With respect to Sheehan’s fact investigation, the district court faulted the
complaint for failing to incorporate “any reports” to substantiate its allegation that
“laboratory analysis indicated the Product has significantly greater than expected
levels of potassium.” App’x at 145–46 (quotation marks omitted). The court also
noted that the study on which Sheehan relied “appeared to be an advertisement
for Puroast Coffee Company . . . , which is a competitor in the coffee market, rather
than a scientific study.” Id. at 146.
But “[w]ith regard to factual contentions, sanctions may not be imposed
unless a particular allegation is utterly lacking in support.” Storey v. Cello
Holdings, L.L.C., 347 F.3d 370, 388 (2d Cir. 2003) (quotation marks omitted). The
report that Sheehan provided to the district court states that Puroast collaborated
with an academic research laboratory to test potassium levels in Defendant’s
9 coffee and confirmed higher levels in the product at issue here. Sheehan also
attested that he investigated further and found multiple newspaper articles
reporting on those laboratory tests. After filing the complaint, he sent out
samples of the coffee to a different laboratory for independent testing, further
militating against a finding of bad faith. Together, this satisfies Rule 11’s
requirement of a “reasonable inquiry.” See Com. Cleaning Servs., L.L.C. v. Colin
Serv. Sys., Inc., 271 F.3d 374, 386 (2d Cir. 2001).
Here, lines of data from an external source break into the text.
lemma measurable_card_Collect_nat:
  assumes [measurable]: "\<And>j. Measurable.pred M (P j)"
  shows "(\<lambda>x. card {j::nat. P j x}) \<in> measurable M (count_space UNIV)"
  unfolding measurable_count_space_eq2_countable
proof safe
  fix a :: nat
  let ?U = "\<Union>F\<in>{F. finite F \<and> card F = a}. {x\<in>space M. {j. P j x} = F}"
  have fin: "{x\<in>space M. {j. P j x} = F} \<in> sets M" for F :: "nat set"
  proof -
    have "{x\<in>space M. {j. P j x} = F} = {x\<in>space M. \<forall>j. if j \<in> F then P j x else \<not> P j x}"
      by (auto simp: set_eq_iff)
    also have "\<dots> \<in> sets M" by measurable
    finally show ?thesis .
  qed
  have inf: "{x\<in>space M. infinite {j. P j x}} \<in> sets M"
    unfolding infinite_nat_iff_unbounded_le by measurable
  have "countable {F::nat set. finite F \<and> card F = a}"
    by (rule countable_subset[OF _ countable_Collect_finite]) auto
  then have "?U \<in> sets M"
    using fin by (intro sets.countable_UN') auto
  moreover have "(\<lambda>x. card {j. P j x}) -` {a} \<inter> space M =
      ?U \<union> (if a = 0 then {x\<in>space M. infinite {j. P j x}} else {})"
  proof (intro set_eqI iffI)
    fix x assume x: "x \<in> (\<lambda>x. card {j. P j x}) -` {a} \<inter> space M"
    show "x \<in> ?U \<union> (if a = 0 then {x\<in>space M. infinite {j. P j x}} else {})"
    proof (cases "finite {j. P j x}")
      case True
      then show ?thesis using x by blast
    qed (use x in simp)
  qed (auto split: if_splits)
  ultimately show "(\<lambda>x. card {j. P j x}) -` {a} \<inter> space M \<in> sets M"
    using inf by (simp split: if_splits)
qed simp

lemma measurable_snth_density_lborel [measurable]:
  "(\<lambda>\<omega>. \<omega> !! i) \<in> borel_measurable (stream_space (density lborel f))"
proof -
  have "(\<lambda>\<omega>. \<omega> !! i) \<in> measurable (stream_space (density lborel f)) (density lborel f)"
    by (rule measurable_snth)
  then show ?thesis
    by (simp add: measurable_cong_sets[OF refl sets_density[THEN trans, OF sets_lborel]])
qed

lemma measurable_arrival_time [measurable]:
  "(\<lambda>\<omega>. arrival_time \<omega> j) \<in> borel_measurable (stream_space (density lborel f))"
  unfolding arrival_time_def by measurable

lemma pred_counted [measurable]:
  assumes [measurable]: "f \<in> borel_measurable M" "g \<in> borel_measurable M"
  shows "Measurable.pred M (\<lambda>x. counted incl (f x) (g x))"
  unfolding counted_def by measurable

section \<open>The last arrival of a Poisson process before a given time\<close>

lemma erlang_density_sums:
  assumes "0 \<le> \<tau>"
  shows "(\<lambda>j. erlang_density j \<mu> \<tau>) sums \<mu>"
proof -
  have "(\<lambda>j. (\<mu> * exp (- \<mu> * \<tau>)) * ((\<mu> * \<tau>) ^ j /\<^sub>R fact j)) sums ((\<mu> * exp (- \<mu> * \<tau>)) * exp (\<mu> * \<tau>))"
    by (intro sums_mult exp_converges)
  moreover have "(\<mu> * exp (- \<mu> * \<tau>)) * exp (\<mu> * \<tau>) = \<mu>"
    by (simp add: exp_minus field_simps)
  moreover have "(\<mu> * exp (- \<mu> * \<tau>)) * ((\<mu> * \<tau>) ^ j /\<^sub>R fact j) = erlang_density j \<mu> \<tau>" for j
    using assms by (simp add: erlang_density_def power_mult_distrib field_simps)
  ultimately show ?thesis by (simp only:)
qed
Rather than determining that Sheehan’s fact investigation was inadequate,
the district court appears to have disregarded much of what Sheehan submitted
after the sanctions hearing because the sources were not “attached to Plaintiff’s
complaint or her response in opposition to Defendant’s motion [to dismiss], nor
did Mr. Sheehan provide them to the Court in his initial responses to the Court’s
order to show cause prior to the hearing.” App’x at 151. But Sheehan was not
required to “plead evidence” in the form of studies or reports as long as the
underlying allegations in the complaint were not entirely devoid of support. See
Kaplan v. Lebanese Canadian Bank, SAL, 999 F.3d 842, 860 (2d Cir. 2021). Nor does
it matter that Sheehan sought independent testing only after filing the complaint,
10 as “a plaintiff is not required to know at the time of pleading all facts necessary to
establish the claim.” Com. Cleaning Servs., 271 F.3d at 386. As for Sheehan’s
delay in describing his fact investigation to the district court, the court’s order to
show cause cited only Rule 11(b)(2) as a potential basis for sanctions. It is
therefore understandable that Sheehan focused his initial responses on his legal
theory, and only addressed his fact investigation after the court questioned its
adequacy at the sanctions hearing.
In sum, Sheehan signed a complaint containing a colorable, if not ultimately
successful, legal theory, and the district court erroneously disregarded Sheehan’s
proof that he conducted a reasonable pre-filing inquiry. The district court
therefore clearly erred in finding that Sheehan acted in bad faith, and accordingly
abused its discretion in sua sponte imposing Rule 11 sanctions.
* * *
Accordingly, we REVERSE the district court’s orders holding Sheehan in
civil contempt and imposing sanctions under Rule 11.